Discussing race is always a pretentious topic, it’s been my experience that (in general) it is very difficult for some white people to understand what white privilege is and how it affects both white and non-white people. Many of my white peers do not believe that they have any type of privilege. They don’t recognize what they have inherited to be privilege because it’s just normal to them. It’s normal that my white female friend is able to turn on the television, or open a magazine and see her image represented in diverse and beautiful ways. It’s normal that my white female friend is able to walk into a cosmetics store and find her shade of foundation or cover up. It’s normal that my white male classmate is able to go into a classroom and learn about the history of European and western civilization and all the contributions “his people,” have made to the world. It’s normal that my white male classmate would have an easier time finding employment upon graduation. It’s normal that my white female friend would not be followed around the pharmacy because she looks like she belongs there. It’s normal that my white female friend can go into the country club because she doesn’t have to bother knowing that her private country club has a policy that doesn’t admit non-whites. It’s normal that my white male classmate wouldn’t understand what it feels like to be told “you’re playing the race card.” To many white people, none of these things are privileges…they just are.

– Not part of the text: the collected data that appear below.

lemma radon_norm_le_relu_repr:
  assumes rep: "relu_repr f m a v b q c"
    and g_nonneg: "\<And>w \<beta>. g w \<beta> \<ge> 0" and g_even: "\<And>w \<beta>. g (- w) (- \<beta>) = g w \<beta>"
  shows "radon_norm g f \<le> (\<Sum>i<m. \<bar>a i\<bar> * g (v i) (b i))"
proof -
  have "\<exists>r m a v b q c. canon_repr f m a v b q c \<and> r = (\<Sum>i<m. \<bar>a i\<bar> * g (v i) (b i))"
    using relu_repr_imp_canon_repr[OF rep] by blast
  from someI_ex[OF this] obtain m' a' v' b' q' c' where can: "canon_repr f m' a' v' b' q' c'"
    and norm_eq: "radon_norm g f = (\<Sum>k<m'. \<bar>a' k\<bar> * g (v' k) (b' k))"
    unfolding radon_norm_def by blast
  define same where "same k i \<longleftrightarrow> same_hyperplane (v i) (b i) (v' k) (b' k)" for k i
  have g_same: "g (v' k) (b' k) = g (v i) (b i)" if "same k i" for k i
    using that g_even by (auto simp: same_def same_hyperplane_def)
  have "radon_norm g f \<le> (\<Sum>k<m'. \<Sum>i<m. if same k i then \<bar>a i\<bar> * g (v i) (b i) else 0)"
    unfolding norm_eq
  proof (rule sum_mono)
    fix k assume "k \<in> {..<m'}"
    then have "\<bar>a' k\<bar> \<le> (\<Sum>i<m. \<bar>if same k i then a i else 0\<bar>)"
      using canon_repr_coeff[OF can rep] by (simp add: same_def sum_abs)
    also have "\<dots> = (\<Sum>i<m. if same k i then \<bar>a i\<bar> else 0)"
      by (intro sum.cong) auto
    finally have "\<bar>a' k\<bar> * g (v' k) (b' k) \<le> (\<Sum>i<m. if same k i then \<bar>a i\<bar> else 0) * g (v' k) (b' k)"
      by (rule mult_right_mono) (rule g_nonneg)
    also have "\<dots> = (\<Sum>i<m. if same k i then \<bar>a i\<bar> * g (v i) (b i) else 0)"
      unfolding sum_distrib_right using g_same by (intro sum.cong) auto
    finally show "\<bar>a' k\<bar> * g (v' k) (b' k) \<le> (\<Sum>i<m. if same k i then \<bar>a i\<bar> * g (v i) (b i) else 0)" .
  qed
  also have "\<dots> = (\<Sum>i<m. \<Sum>k<m'. if same k i then \<bar>a i\<bar> * g (v i) (b i) else 0)"
    by (rule sum.swap)
  also have "\<dots> \<le> (\<Sum>i<m. \<bar>a i\<bar> * g (v i) (b i))"
  proof (rule sum_mono, rule sum_if_unique_le)
    fix i k k' assume "k \<in> {..<m'}" "k' \<in> {..<m'}" "same k i" "same k' i"
    then have "same_hyperplane (v' k) (b' k) (v' k') (b' k')"
      unfolding same_def by (metis same_hyperplane_sym same_hyperplane_trans)
    then show "k = k'"
      using canon_repr_same_hyperplane_eq[OF can] \<open>k \<in> {..<m'}\<close> \<open>k' \<in> {..<m'}\<close> by blast
  qed (simp_all add: g_nonneg)
  finally show ?thesis .
qed

lemma g_tilde_nonneg: "g_tilde xs n v b \<ge> 0"
  unfolding g_tilde_def Let_def
  by (auto intro!: mult_nonneg_nonneg divide_nonneg_nonneg sum_nonneg)

lemma g_weight_nonneg: "g_weight xs n v b \<ge> 0"
  by (simp add: g_weight_def g_tilde_nonneg)

lemma g_weight_uminus: "g_weight xs n (- v) (- b) = g_weight xs n v b"
  by (simp add: g_weight_def min.commute)

lemma g_weight_le_g_tilde: "g_weight xs n v b \<le> g_tilde xs n v b"
  by (simp add: g_weight_def)

lemma radon_norm_net_le:
  fixes W1 :: "'a::euclidean_space ^ 'k::finite"
  assumes g_nonneg: "\<And>w \<beta>. g w \<beta> \<ge> 0" and g_even: "\<And>w \<beta>. g (- w) (- \<beta>) = g w \<beta>"
  shows "radon_norm g (net (W1, b1, w2, b2)) \<le> (\<Sum>i\<in>UNIV. if W1 $ i = 0 then 0 else
      \<bar>w2 $ i\<bar> * norm (W1 $ i) * g (W1 $ i /\<^sub>R norm (W1 $ i)) (- b1 $ i / norm (W1 $ i)))"
proof -
  obtain e where e: "bij_betw e {..<CARD('k)} (UNIV :: 'k set)"
    using ex_bij_betw_nat_finite[of "UNIV :: 'k set"] by (auto simp: atLeast0LessThan)
  obtain u :: 'a where "norm u = 1"
    using norm_Basis nonempty_Basis by blast
  txt \<open>Neurons with zero weight vector are constant; they get coefficient 0 and an arbitrary unit
    normal u, and their value relu (b1 i) is moved into the constant term.\<close>
  define v where "v i = (if W1 $ i = 0 then u else W1 $ i /\<^sub>R norm (W1 $ i))" for i
  define \<beta> where "\<beta> i = - b1 $ i / norm (W1 $ i)" for i
  define c where "c = b2 + (\<Sum>i\<in>UNIV. if W1 $ i = 0 then w2 $ i * relu (b1 $ i) else 0)"
  have neuron: "w2 $ i * relu (x \<bullet> W1 $ i + b1 $ i)
      = w2 $ i * norm (W1 $ i) * relu (v i \<bullet> x - \<beta> i) + (if W1 $ i = 0 then w2 $ i * relu (b1 $ i) else 0)"
    for i x
  proof (cases "W1 $ i = 0")
    case False
    then have "v i \<bullet> x - \<beta> i = (x \<bullet> W1 $ i + b1 $ i) / norm (W1 $ i)"
      by (simp add: v_def \<beta>_def inner_commute field_simps)
    with False show ?thesis
      by (simp add: relu_divide_pos)
  qed simp
  have "relu_repr (net (W1, b1, w2, b2)) CARD('k)
      (\<lambda>k. w2 $ e k * norm (W1 $ e k)) (v \<circ> e) (\<beta> \<circ> e) 0 c"
    unfolding relu_repr_def
  proof (intro conjI allI impI)
    fix x
    show "net (W1, b1, w2, b2) x
        = (\<Sum>k<CARD('k). w2 $ e k * norm (W1 $ e k) * relu ((v \<circ> e) k \<bullet> x - (\<beta> \<circ> e) k)) + 0 \<bullet> x + c"
      using sum.reindex_bij_betw[OF e, of "\<lambda>i. w2 $ i * norm (W1 $ i) * relu (v i \<bullet> x - \<beta> i)"]
      by (simp add: net_def neuron c_def sum.distrib)
  qed (simp add: v_def \<open>norm u = 1\<close>)
  then have "radon_norm g (net (W1, b1, w2, b2))
      \<le> (\<Sum>k<CARD('k). \<bar>w2 $ e k * norm (W1 $ e k)\<bar> * g ((v \<circ> e) k) ((\<beta> \<circ> e) k))"
    by (rule radon_norm_le_relu_repr[where g = g, OF _ g_nonneg g_even])
  also have "\<dots> = (\<Sum>i\<in>UNIV. \<bar>w2 $ i * norm (W1 $ i)\<bar> * g (v i) (\<beta> i))"
    using sum.reindex_bij_betw[OF e, of "\<lambda>i. \<bar>w2 $ i * norm (W1 $ i)\<bar> * g (v i) (\<beta> i)"] by simp
  also have "\<dots> = (\<Sum>i\<in>UNIV. if W1 $ i = 0 then 0 else
      \<bar>w2 $ i\<bar> * norm (W1 $ i) * g (W1 $ i /\<^sub>R norm (W1 $ i)) (- b1 $ i / norm (W1 $ i)))"
    by (intro sum.cong) (auto simp: v_def \<beta>_def abs_mult)
  finally show ?thesis .
qed

lemma mult_sqrt_norm_scaleR_inverse:
  fixes s :: "'a::real_normed_vector" and m N :: real
  assumes "m > 0" "N > 0"
  shows "(m / N) * sqrt ((norm ((1 / m) *\<^sub>R s))^2 + 1) = sqrt ((norm ((1 / N) *\<^sub>R s))^2 + (m / N)^2)"
proof -
  define X where "X = (norm s)^2 + m^2"
  have "(norm ((1 / m) *\<^sub>R s))^2 + 1 = X / m^2" "(norm ((1 / N) *\<^sub>R s))^2 + (m / N)^2 = X / N^2"
    using assms by (simp_all add: X_def power_divide field_simps)
  then show ?thesis
    using assms by (simp add: real_sqrt_divide)
qed

lemma norm_mult_g_tilde:
  fixes W :: "'a::euclidean_space" and xs :: "nat \<Rightarrow> 'a" and \<beta> :: real
  assumes "W \<noteq> 0" and "n \<ge> 1"
  defines "A \<equiv> {j. j < n \<and> xs j \<bullet> W + \<beta> > 0}"
  shows "norm W * g_tilde xs n (W /\<^sub>R norm W) (- \<beta> / norm W) =
     ((\<Sum>j\<in>A. xs j \<bullet> W + \<beta>) / n) * sqrt ((norm ((1 / real n) *\<^sub>R (\<Sum>j\<in>A. xs j)))^2 + (card A / n)^2)"
proof -
  have nW: "norm W > 0"
    using assms(1) by simp
  have active: "{j. j < n \<and> xs j \<bullet> (W /\<^sub>R norm W) > - \<beta> / norm W} = A"
    using nW by (auto simp: A_def inner_commute field_simps)
  show ?thesis
  proof (cases "A = {}")
    case True
    then show ?thesis
      unfolding g_tilde_def Let_def active by simp
  next
    case False
    define s where "s = (\<Sum>j\<in>A. xs j)"
    define m where "m = real (card A)"
    have "m > 0"
      using False by (simp add: m_def A_def card_gt_0_iff)
    have "real n > 0"
      using \<open>n \<ge> 1\<close> by simp
    have sum_shift: "(\<Sum>j\<in>A. xs j \<bullet> (W /\<^sub>R norm W) - - \<beta> / norm W) = (\<Sum>j\<in>A. xs j \<bullet> W + \<beta>) / norm W"
      unfolding sum_divide_distrib using nW by (intro sum.cong) (auto simp: inner_commute field_simps)
    have "g_tilde xs n (W /\<^sub>R norm W) (- \<beta> / norm W)
        = (m / n)^2 * (((\<Sum>j\<in>A. xs j \<bullet> W + \<beta>) / norm W) / m) * sqrt ((norm ((1 / m) *\<^sub>R s))^2 + 1)"
      unfolding g_tilde_def Let_def active using False sum_shift by (simp add: m_def s_def)
    then have "norm W * g_tilde xs n (W /\<^sub>R norm W) (- \<beta> / norm W)
        = ((\<Sum>j\<in>A. xs j \<bullet> W + \<beta>) / n) * ((m / n) * sqrt ((norm ((1 / m) *\<^sub>R s))^2 + 1))"
      using nW \<open>m > 0\<close> \<open>real n > 0\<close> by (simp add: field_simps power2_eq_square)
    also have "\<dots> = ((\<Sum>j\<in>A. xs j \<bullet> W + \<beta>) / n) * sqrt ((norm ((1 / real n) *\<^sub>R s))^2 + (m / n)^2)"
      by (simp only: mult_sqrt_norm_scaleR_inverse[OF \<open>m > 0\<close> \<open>real n > 0\<close>])
    finally show ?thesis
      by (simp add: s_def m_def)
  qed
qed

section \<open>The sample loss near an interpolating minimum\<close>

definition preact :: "'a::euclidean_space \<Rightarrow> ('a, 'k::finite) params \<Rightarrow> 'k \<Rightarrow> real" where
  "preact x \<theta> i = x \<bullet> fst \<theta> $ i + fst (snd \<theta>) $ i"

You see, what may be normal to you as a white person and what “just is,” is completely abnormal to so many other people of color. I feel the effects of white privilege every day. I have to go out of my way to find positive representations of myself, I have to seek special books and courses just to learn where I come from as a Black person. I, as a person of color, have to stay silent when I know that I’ve been discriminated against in a job interview. I, as a person of color and a minority, have to face the fact that the majority of the people I’m around will never understand exactly what that feels like. When I (as a Black person) point of the privilege, it’s hard for some white people to understand because “their ancestors didn’t own slaves,” or “they don’t see color.”

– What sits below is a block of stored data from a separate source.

text \<open>Let all types lie in \<open>[1, 1 + a]\<close> with \<open>n a \<le> 1/2\<close>. Then selling to fewer than \<open>n\<close>
  agents never pays (a nonempty partial sale loses at least \<open>1/2\<close>), while a full sale earns at most
  \<open>n\<^sup>2 a\<close>, which is what \<open>F3_cost\<close> asks for at the uniform profile \<open>1 + a\<close>. In a full sale
  truthfulness caps agent \<open>i\<close>'s price at \<open>n (1 + b)\<close> whenever lowering its report to \<open>1 + b\<close>
  keeps the sale full; so to earn \<open>n\<^sup>2 a / L\<close> with \<open>b = a / (2 L)\<close> the mechanism must often lose the
  full sale when a single report drops to \<open>1 + b\<close>. Since winners stay winners when they raise their
  reports, such a loss forces a partial sale on some profile between the uniform profiles \<open>1 + b\<close>
  and \<open>1 + a\<close>, unless the full sale at \<open>1 + b\<close> is already lost. Along the geometric sequence
  \<open>a\<^sub>j = m (2 L)\<^sup>-\<^sup>j\<close> these last events telescope, and \<open>K\<close> steps give
  \<open>K n / L \<le> K n / (2 L) + 2 n\<close>, impossible for \<open>K > 4 L\<close>.\<close>

definition full_sale :: "nat \<Rightarrow> nat set \<times> (nat \<Rightarrow> real) \<Rightarrow> bool" where
  "full_sale n out \<longleftrightarrow> fst out = {..<n}"

definition partial_sale :: "nat \<Rightarrow> nat set \<times> (nat \<Rightarrow> real) \<Rightarrow> bool" where
  "partial_sale n out \<longleftrightarrow> fst out \<noteq> {} \<and> fst out \<noteq> {..<n}"

definition uniform_profile :: "nat \<Rightarrow> real \<Rightarrow> nat \<Rightarrow> real" where
  "uniform_profile n x j = (if j < n then x else 0)"

definition hybrid_profile :: "(nat \<Rightarrow> real) \<Rightarrow> (nat \<Rightarrow> real) \<Rightarrow> nat \<Rightarrow> nat \<Rightarrow> real" where
  "hybrid_profile c d k j = (if j < k then d j else c j)"

lemma utility_winner: "i \<in> fst out \<Longrightarrow> utility i ti out = real (card (fst out)) * ti - snd out i"
  by (simp add: utility_def valuation_def)

lemma utility_loser: "i \<notin> fst out \<Longrightarrow> utility i ti out = 0"
  by (simp add: utility_def)

lemma valid_profile_upd: "valid_profile n t \<Longrightarrow> x \<ge> 0 \<Longrightarrow> valid_profile n (t(i := x))"
  by (simp add: valid_profile_def)

lemma valid_uniform_profile: "0 \<le> x \<Longrightarrow> valid_profile n (uniform_profile n x)"
  by (simp add: valid_profile_def uniform_profile_def)

lemma finite_winners: "det_mechanism n M \<Longrightarrow> valid_profile n t \<Longrightarrow> finite (fst (M t))"
  by (meson det_mechanism_def finite_lessThan finite_subset)

lemma truthful_winner_mono:
  assumes tr: "truthful n M" and dm: "det_mechanism n M" and v: "valid_profile n t"
    and i: "i < n" and win: "i \<in> fst (M t)" and y: "t i \<le> y"
  shows "i \<in> fst (M (t(i := y)))"
proof (rule ccontr)
  assume lose: "i \<notin> fst (M (t(i := y)))"
  let ?S = "fst (M t)" and ?p = "snd (M t) i"
  have ti: "0 \<le> t i" and y0: "0 \<le> y" using v i y by (auto simp: valid_profile_def)
  have "y \<noteq> t i" using lose win by (metis fun_upd_triv)
  with y have ylt: "t i < y" by linarith
  from win finite_winners[OF dm v] have card_pos: "0 < card ?S" by (auto simp: card_gt_0_iff)
  have "utility i (t i) (M (t(i := y))) \<le> utility i (t i) (M t)"
    using tr v i y0 by (simp add: truthful_def)
  hence low: "0 \<le> real (card ?S) * t i - ?p" using lose win by (simp add: utility_winner utility_loser)
  have "utility i y (M ((t(i := y))(i := t i))) \<le> utility i y (M (t(i := y)))"
    using tr valid_profile_upd[OF v y0] i ti unfolding truthful_def by (metis fun_upd_same)
  hence high: "real (card ?S) * y - ?p \<le> 0" using lose win by (simp add: utility_winner utility_loser)
  have "real (card ?S) * t i < real (card ?S) * y" using card_pos ylt by simp
  with low high show False by linarith
qed

lemma full_sale_price_le:
  assumes tr: "truthful n M" and ir: "indiv_rational n M" and v: "valid_profile n t"
    and i: "i < n" and x: "0 \<le> x"
    and full: "full_sale n (M t)" and full': "full_sale n (M (t(i := x)))"
  shows "snd (M t) i \<le> real n * x"
proof -
  have v': "valid_profile n (t(i := x))" using valid_profile_upd[OF v x] .
  have "utility i (t i) (M (t(i := x))) \<le> utility i (t i) (M t)"
    using tr v i x by (simp add: truthful_def)
  hence "snd (M t) i \<le> snd (M (t(i := x))) i"
    using full full' i by (simp add: utility_winner full_sale_def)
  moreover have "utility i x (M (t(i := x))) \<ge> 0"
    using ir v' i unfolding indiv_rational_def by (metis fun_upd_same)
  hence "snd (M (t(i := x))) i \<le> real n * x"
    using full' i by (simp add: utility_winner full_sale_def)
  ultimately show ?thesis by linarith
qed

lemma profit_cost_le_card:
  assumes dm: "det_mechanism n M" and ir: "indiv_rational n M" and v: "valid_profile n t"
    and hi: "\<forall>i<n. t i \<le> h"
  shows "profit_cost n (M t) \<le> real (card (fst (M t))) * (real (card (fst (M t))) * h - real n)"
proof -
  let ?S = "fst (M t)"
  have sub: "?S \<subseteq> {..<n}" using dm v by (simp add: det_mechanism_def)
  have "snd (M t) i \<le> real (card ?S) * h" if iS: "i \<in> ?S" for i
  proof -
    have i: "i < n" using sub iS by auto
    have "utility i (t i) (M t) \<ge> 0" using ir v i by (simp add: indiv_rational_def)
    hence "snd (M t) i \<le> real (card ?S) * t i" using iS by (simp add: utility_winner)
    also have "\<dots> \<le> real (card ?S) * h" using hi i by (simp add: mult_left_mono)
    finally show ?thesis .
  qed
  hence "(\<Sum>i\<in>?S. snd (M t) i) \<le> (\<Sum>i\<in>?S. real (card ?S) * h)" by (rule sum_mono)
  thus ?thesis by (simp add: profit_cost_def algebra_simps)
qed

text \<open>Types in \<open>[0, 1 + m]\<close> with \<open>n m \<le> 1/2\<close>: a sale to \<open>k < n\<close> agents
  brings in at most \<open>k (n - 1)(1 + m) \<le> k (n - 1/2)\<close>, less than its cost \<open>k n\<close>.\<close>
lemma profit_cost_near_one:
  assumes dm: "det_mechanism n M" and ir: "indiv_rational n M" and v: "valid_profile n t"
    and hi: "\<forall>i<n. t i \<le> 1 + m" and m: "0 \<le> m" and nm: "real n * m \<le> 1/2"
  shows profit_cost_near_one_le: "profit_cost n (M t) \<le> real n * real n * m"
    and profit_cost_not_full_le:
      "\<not> full_sale n (M t) \<Longrightarrow> profit_cost n (M t) \<le> - real (card (fst (M t))) / 2"
proof -
  let ?k = "card (fst (M t))"
  have profit: "profit_cost n (M t) \<le> real ?k * (real ?k * (1 + m) - real n)"
    by (rule profit_cost_le_card[OF dm ir v hi])
  have sub: "fst (M t) \<subseteq> {..<n}" using dm v by (simp add: det_mechanism_def)
  show not_full: "profit_cost n (M t) \<le> - real ?k / 2" if "\<not> full_sale n (M t)"
  proof -
    have "fst (M t) \<subset> {..<n}" using sub that by (auto simp: full_sale_def)
    hence "?k < n" by (metis psubset_card_mono finite_lessThan card_lessThan)
    hence "real ?k * (1 + m) \<le> (real n - 1) * (1 + m)" using m by (intro mult_right_mono) auto
    also have "\<dots> \<le> real n - 1/2" using nm m by (simp add: algebra_simps)
    finally have "real ?k * (real ?k * (1 + m) - real n) \<le> real ?k * (- 1/2)"
      by (intro mult_left_mono) auto
    thus ?thesis using profit by simp
  qed
  show "profit_cost n (M t) \<le> real n * real n * m"
  proof (cases "full_sale n (M t)")
    case True
    hence "?k = n" by (simp add: full_sale_def)
    thus ?thesis using profit by (simp add: algebra_simps)
  next
    case False
    have "0 \<le> real n * real n * m" using m by simp
    moreover have "- real ?k / 2 \<le> 0" by simp
    ultimately show ?thesis using not_full[OF False] by linarith
  qed
qed

lemma partial_sale_indicator_le:
  assumes dm: "det_mechanism n M" and ir: "indiv_rational n M" and v: "valid_profile n t"
    and hi: "\<forall>i<n. t i \<le> 1 + m" and m: "0 \<le> m" and nm: "real n * m \<le> 1/2"
  shows "of_bool (partial_sale n (M t)) \<le> 2 * (real n * real n * m) - 2 * profit_cost n (M t)"
proof (cases "partial_sale n (M t)")
  case True
  hence "1 \<le> card (fst (M t))"
    using finite_winners[OF dm v] by (auto simp: partial_sale_def Suc_le_eq card_gt_0_iff)
  moreover have "profit_cost n (M t) \<le> - real (card (fst (M t))) / 2"
    using True profit_cost_not_full_le[OF dm ir v hi m nm] by (simp add: partial_sale_def full_sale_def)
  ultimately have "profit_cost n (M t) \<le> -1/2" by linarith
  moreover have "0 \<le> real n * real n * m" using m by simp
  ultimately show ?thesis using True by simp
next
  case False
  thus ?thesis using profit_cost_near_one_le[OF dm ir v hi m nm] by simp
qed

lemma hybrid_profile_0 [simp]: "hybrid_profile c d 0 = c"
  by (simp add: hybrid_profile_def fun_eq_iff)

lemma hybrid_profile_Suc: "hybrid_profile c d (Suc k) = (hybrid_profile c d k)(k := d k)"
  by (auto simp: hybrid_profile_def fun_eq_iff)

lemma hybrid_profile_eq_right: "\<forall>j\<ge>n. c j = d j \<Longrightarrow> hybrid_profile c d n = d"
  by (auto simp: hybrid_profile_def fun_eq_iff)

lemma valid_hybrid_profile:
  "valid_profile n c \<Longrightarrow> valid_profile n d \<Longrightarrow> valid_profile n (hybrid_profile c d k)"
  by (simp add: valid_profile_def hybrid_profile_def)

lemma hybrid_profile_pointwise:
  "\<forall>j<n. P (c j) \<Longrightarrow> \<forall>j<n. P (d j) \<Longrightarrow> \<forall>j<n. P (hybrid_profile c d k j)"
  by (simp add: hybrid_profile_def)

Look at white privilege this way:
Imagine that you are a little girl at a birthday party. Some of the girls at the party are wearing pink ribbons, some of the girls at the party are wearing blue ribbons. The first set of blue ribbon girls arrive early and sit at the party table. Later, the first set of pink ribbon girls arrive and sit at the table. When the second set of blue ribbon girls arrive, the pink ribbon girls refuse to help arrange the favors for the party, instead, they make the blue ribbon girls set the table, pass out the goodie bags and hand out the cake slices. The pink ribbon girls hog the chairs, hog the goodies and force the blue ribbon girls to sit on the floor. They take two slices of cake, extra juices and an extra goodie bag. Later, the second set of pink ribbons shows up. They notice that the blue ribbons are sitting on the floor with no cake, no goodie bags, no juice and no chair. However, when the first set of pink ribbons sees the second set of pink ribbons, they make room at the table and give the second set of pink ribbons extra cake, goodie bags and juice. The second set of pink ribbons notices that not only do the first pink ribbons have extra cake and goodies, but they too have extra cake and goodies, while the blue ribbons have none. Nevertheless, the second set of pink ribbons sit down, eat their cake, drink their juice and enjoy their goodies.

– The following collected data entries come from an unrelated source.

(* Let $s>0$ and let $(V_s,\oplus,\otimes)$ be the Möbius gyrovector space on the open disc $V_s=\{z\in\mathbb{C}:|z|<s\}$. Let $ABC$ be a gyrotriangle with vertices $A,B,C\in V_s$, and let $D$ be a point on the gyroside $BC$. Let $l$ be a gyroline passing through none of $A,B,C$, such that $l$ meets the gyroline $AB$ at $M$, the gyroline $AC$ at $N$, and the gyroline $AD$ at $P$. Then $$\frac{(BD)_\gamma}{(CD)_\gamma}\cdot\frac{(CA)_\gamma}{(NA)_\gamma}\cdot\frac{(NP)_\gamma}{(MP)_\gamma}\cdot\frac{(MA)_\gamma}{(BA)_\gamma}=1.$$
   Context: Möbius addition on $V_s$ is $a\oplus b=\dfrac{a+b}{1+\bar a b/s^2}$, with $\ominus a=-a$ and $a\ominus b=a\oplus(-b)$; for $s=1$ this is the Poincaré disc model of hyperbolic geometry. For points $P,Q\in V_s$, the gyrolength (hyperbolic gyrodistance) $PQ$ is $|\ominus P\oplus Q|$. Gyrolines are the geodesics of the Poincaré disc model, i.e. the sets $\{A\oplus(\ominus A\oplus B)\otimes t: t\in\mathbb{R}\}$ for distinct $A,B$ (the gyroline $AB$); equivalently, diameters of the disc and circular arcs in the disc orthogonal to its boundary. The gyroside $BC$ is the geodesic segment joining $B$ and $C$. For a gyrolength $v\in(-s,s)$, the notation $v_\gamma$ means $v_\gamma=\dfrac{v}{1-\frac{v^2}{s^2}}$. *)

theory Defs
  imports Complex_Main
begin

definition mobius_disc :: "real \<Rightarrow> complex set" where
  "mobius_disc s = {z. cmod z < s}"

definition mobius_add :: "real \<Rightarrow> complex \<Rightarrow> complex \<Rightarrow> complex" where
  "mobius_add s a b = (a + b) / (1 + cnj a * b / (complex_of_real s)\<^sup>2)"

definition mobius_scale :: "real \<Rightarrow> real \<Rightarrow> complex \<Rightarrow> complex" where
  "mobius_scale s r a =
     (if a = 0 then 0
      else complex_of_real (s * tanh (r * artanh (cmod a / s))) * (a / complex_of_real (cmod a)))"

definition gyroline :: "real \<Rightarrow> complex \<Rightarrow> complex \<Rightarrow> complex set" where
  "gyroline s A B = {mobius_add s A (mobius_scale s t (mobius_add s (- A) B)) | t. True}"

definition gyrosegment :: "real \<Rightarrow> complex \<Rightarrow> complex \<Rightarrow> complex set" where
  "gyrosegment s B C = {mobius_add s B (mobius_scale s t (mobius_add s (- B) C)) | t. 0 \<le> t \<and> t \<le> 1}"

definition is_gyroline :: "real \<Rightarrow> complex set \<Rightarrow> bool" where
  "is_gyroline s L \<longleftrightarrow> (\<exists>X Y. X \<in> mobius_disc s \<and> Y \<in> mobius_disc s \<and> X \<noteq> Y \<and> L = gyroline s X Y)"

definition gyrotriangle :: "real \<Rightarrow> complex \<Rightarrow> complex \<Rightarrow> complex \<Rightarrow> bool" where
  "gyrotriangle s A B C \<longleftrightarrow> A \<in> mobius_disc s \<and> B \<in> mobius_disc s \<and> C \<in> mobius_disc s \<and>
     A \<noteq> B \<and> A \<noteq> C \<and> B \<noteq> C \<and> C \<notin> gyroline s A B"

definition gyrodist :: "real \<Rightarrow> complex \<Rightarrow> complex \<Rightarrow> real" where
  "gyrodist s P Q = cmod (mobius_add s (- P) Q)"

definition gamma_len :: "real \<Rightarrow> real \<Rightarrow> real" where
  "gamma_len s v = v / (1 - v\<^sup>2 / s\<^sup>2)"

end

theory Submission
  imports Defs
begin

In the above scenario, did the fact that the second set of pink ribbons weren’t the ones who originally stole the share of cake, goodies and juice that belonged to the blue ribbons exempt them from the fact that they deprived the blue ribbons of their cake? Couldn’t the second set of pink ribbons have shared their extra cake and goodies with the blue ribbons?…Couldn’t they have made room at the table or told the first pink ribbons to give their extra cake slices to the blue ribbons? Or couldn’t they have called in the mother to resolve the issue and tell the first set of pink ribbons to stop being so spoiled?
They could have done any of these things, but they chose to sit down at the exclusive table, while the blue ribbons sat on the floor and eat the extra cake and goodies that belonged to the blue ribbons anyway. Then later when someone offers to give the Blue ribbons some cupcakes because they never got any cake, the pink ribbons jump up and down and shout “THAT’S NOT FAIR THAT THEY GOT CUPCAKES, WE DIDN’T ANY CUPCAKES!” All the while they don’t acknowledge that they got extra slices of cake, candies and goodies, so the Blue ribbons never even get to have their cupcakes. How greedy is that?
If you look at white privilege that way, maybe it will help you understand that even if your ancestors didn’t “own slaves,” even if you think you don’t see color or have privilege, you do.